(What is required)
All lines in the data that hold the word "prems" need copying.

(Provided data)

lemma finite_extensional_with_fibre_cards:
  assumes "finite A"
  shows "finite {f. f \<in> extensional A \<and> (\<forall>x. fibre_card A f x = \<gamma> x)}" (is "finite ?F")
proof (cases "?F = {}")
  case True
  then show ?thesis by (simp only: finite.emptyI)
next
  case False
  then obtain f where f: "\<forall>x. fibre_card A f x = \<gamma> x" by blast
  have "{x. \<gamma> x \<noteq> 0} \<subseteq> f ` A"
  proof
    fix x assume "x \<in> {x. \<gamma> x \<noteq> 0}"
    then have "{a\<in>A. f a = x} \<noteq> {}" using f by (metis (mono_tags) card.empty mem_Collect_eq)
    then show "x \<in> f ` A" by blast
  qed
  then have supp: "finite {x. \<gamma> x \<noteq> 0}" using assms finite_surj by blast
  have "?F \<subseteq> PiE A (\<lambda>_. {x. \<gamma> x \<noteq> 0})"
  proof
    fix g assume g: "g \<in> ?F"
    have "\<gamma> (g a) \<noteq> 0" if "a \<in> A" for a
      using fibre_card_pos[OF assms that, of g] g by simp
    then show "g \<in> PiE A (\<lambda>_. {x. \<gamma> x \<noteq> 0})" using g by (auto simp: PiE_def)
  qed
  moreover have "finite (PiE A (\<lambda>_. {x. \<gamma> x \<noteq> 0}))" using assms supp by (rule finite_PiE)
  ultimately show ?thesis by (rule finite_subset)
qed

lemma down_closed_eq_lessThan:
  fixes J :: "nat set"
  assumes "finite J" "\<And>j j'. j \<in> J \<Longrightarrow> j' \<le> j \<Longrightarrow> j' \<in> J"
  shows "J = {..<card J}"
proof -
  have "J \<subseteq> {..<card J}"
  proof
    fix x assume "x \<in> J"
    then have "{..x} \<subseteq> J" using assms(2) by auto
    then have "card {..x} \<le> card J" using assms(1) by (rule card_mono[rotated])
    then show "x \<in> {..<card J}" by simp
  qed
  then show ?thesis using assms(1) by (simp add: card_subset_eq)
qed

lemma finite_young_cells: "finite (young_cells lam)"
proof -
  have "young_cells lam = Sigma {..<length lam} (\<lambda>i. {..<lam ! i})"
    by (auto simp: young_cells_def)
  then show ?thesis by simp
qed

lemma young_cells_left_closed: "(i, j) \<in> young_cells lam \<Longrightarrow> j' \<le> j \<Longrightarrow> (i, j') \<in> young_cells lam"
  by (auto simp: young_cells_def)

lemma young_cells_up_closed:
  assumes "is_partition_of lam N" "(i, j) \<in> young_cells lam" "i' \<le> i"
  shows "(i', j) \<in> young_cells lam"
proof -
  have "i < length lam" "j < lam ! i" using assms(2) by (auto simp: young_cells_def)
  moreover have "lam ! i \<le> lam ! i'"
    using assms(1,3) \<open>i < length lam\<close>
    by (cases "i' = i") (auto simp: is_partition_of_def sorted_wrt_iff_nth_less)
  ultimately show ?thesis using assms(3) by (auto simp: young_cells_def)
qed

lemma ssyt_row_mono:
  assumes "is_ssyt lam T" "(i, j) \<in> young_cells lam" "j' \<le> j"
  shows "T (i, j') \<le> T (i, j)"
  using assms(2,3)
proof (induction j)
  case (Suc j)
  show ?case
  proof (cases "j' = Suc j")
    case False
    have cell: "(i, j) \<in> young_cells lam" using young_cells_left_closed[OF Suc.prems(1)] by simp
    then have "T (i, j') \<le> T (i, j)" using Suc False by simp
    also have "\<dots> \<le> T (i, Suc j)" using assms(1) cell Suc.prems(1) by (simp add: is_ssyt_def)
    finally show ?thesis .
  qed simp
qed simp

lemma ssyt_pos_below_first_row:
  assumes "is_partition_of lam N" "is_ssyt lam T" "(Suc i, j) \<in> young_cells lam"
  shows "0 < T (Suc i, j)"
proof -
  have "(i, j) \<in> young_cells lam" using young_cells_up_closed[OF assms(1,3)] by simp
  then have "T (i, j) < T (Suc i, j)" using assms(2,3) by (simp add: is_ssyt_def)
  then show ?thesis by simp
qed

lemma ssyt_zeros:
  assumes P: "is_partition_of lam N" and T: "is_ssyt lam T"
    and content: "\<forall>x. fibre_card (young_cells lam) T x = \<alpha> x"
  shows "{c\<in>young_cells lam. T c = 0} = {0} \<times> {..<\<alpha> 0}"
proof -
  let ?Y = "young_cells lam"
  define J where "J = {j. (0, j) \<in> ?Y \<and> T (0, j) = 0}"
  have zeros: "{c\<in>?Y. T c = 0} = {0} \<times> J"
  proof (intro equalityI subsetI)
    fix c assume c: "c \<in> {c\<in>?Y. T c = 0}"
    obtain i j where "c = (i, j)" by fastforce
    moreover have "i = 0"
      using c ssyt_pos_below_first_row[OF P T] \<open>c = (i, j)\<close> by (cases i) fastforce+
    ultimately show "c \<in> {0} \<times> J" using c by (simp add: J_def)
  qed (auto simp: J_def)
  have "J \<subseteq> snd ` ?Y" by (force simp: J_def)
  then have "finite J" using finite_young_cells finite_surj by blast
  moreover have "j' \<in> J" if "j \<in> J" "j' \<le> j" for j j'
    using that young_cells_left_closed ssyt_row_mono[OF T] by (fastforce simp: J_def)
  ultimately have "J = {..<card J}" by (rule down_closed_eq_lessThan)
  moreover have "card J = \<alpha> 0"
    using content[rule_format, of 0] zeros by (simp add: card_cartesian_product)
  ultimately show ?thesis using zeros by simp
qed

lemma ssyt_second_row_ge_2:
  assumes P: "is_partition_of lam N" and T: "is_ssyt lam T"
    and content: "\<forall>x. fibre_card (young_cells lam) T x = \<alpha> x"
    and a: "\<alpha> 1 \<le> a" and cell: "(1, a) \<in> young_cells lam"
  shows "2 \<le> T (1, a)"
proof (rule ccontr)
  let ?Y = "young_cells lam"
  assume "\<not> 2 \<le> T (1, a)"
  have "(1, j) \<in> ?Y \<and> T (1, j) = 1" if "j \<le> a" for j
  proof -
    have "(1, j) \<in> ?Y" "T (1, j) \<le> T (1, a)"
      using that young_cells_left_closed[OF cell] ssyt_row_mono[OF T cell] by auto
    moreover have "0 < T (Suc 0, j)" using ssyt_pos_below_first_row[OF P T] \<open>(1, j) \<in> ?Y\<close> by simp
    ultimately show ?thesis using \<open>\<not> 2 \<le> T (1, a)\<close> by simp
  qed
  then have "{1} \<times> {..a} \<subseteq> {c\<in>?Y. T c = 1}" by auto
  then have "card ({1::nat} \<times> {..a}) \<le> fibre_card ?Y T 1"
    by (rule card_mono[rotated]) (simp add: finite_young_cells)
  then show False using content a by (simp add: card_cartesian_product)
qed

(Expected answer)
    have cell: "(i, j) \<in> young_cells lam" using young_cells_left_closed[OF Suc.prems(1)] by simp
    also have "\<dots> \<le> T (i, Suc j)" using assms(1) cell Suc.prems(1) by (simp add: is_ssyt_def)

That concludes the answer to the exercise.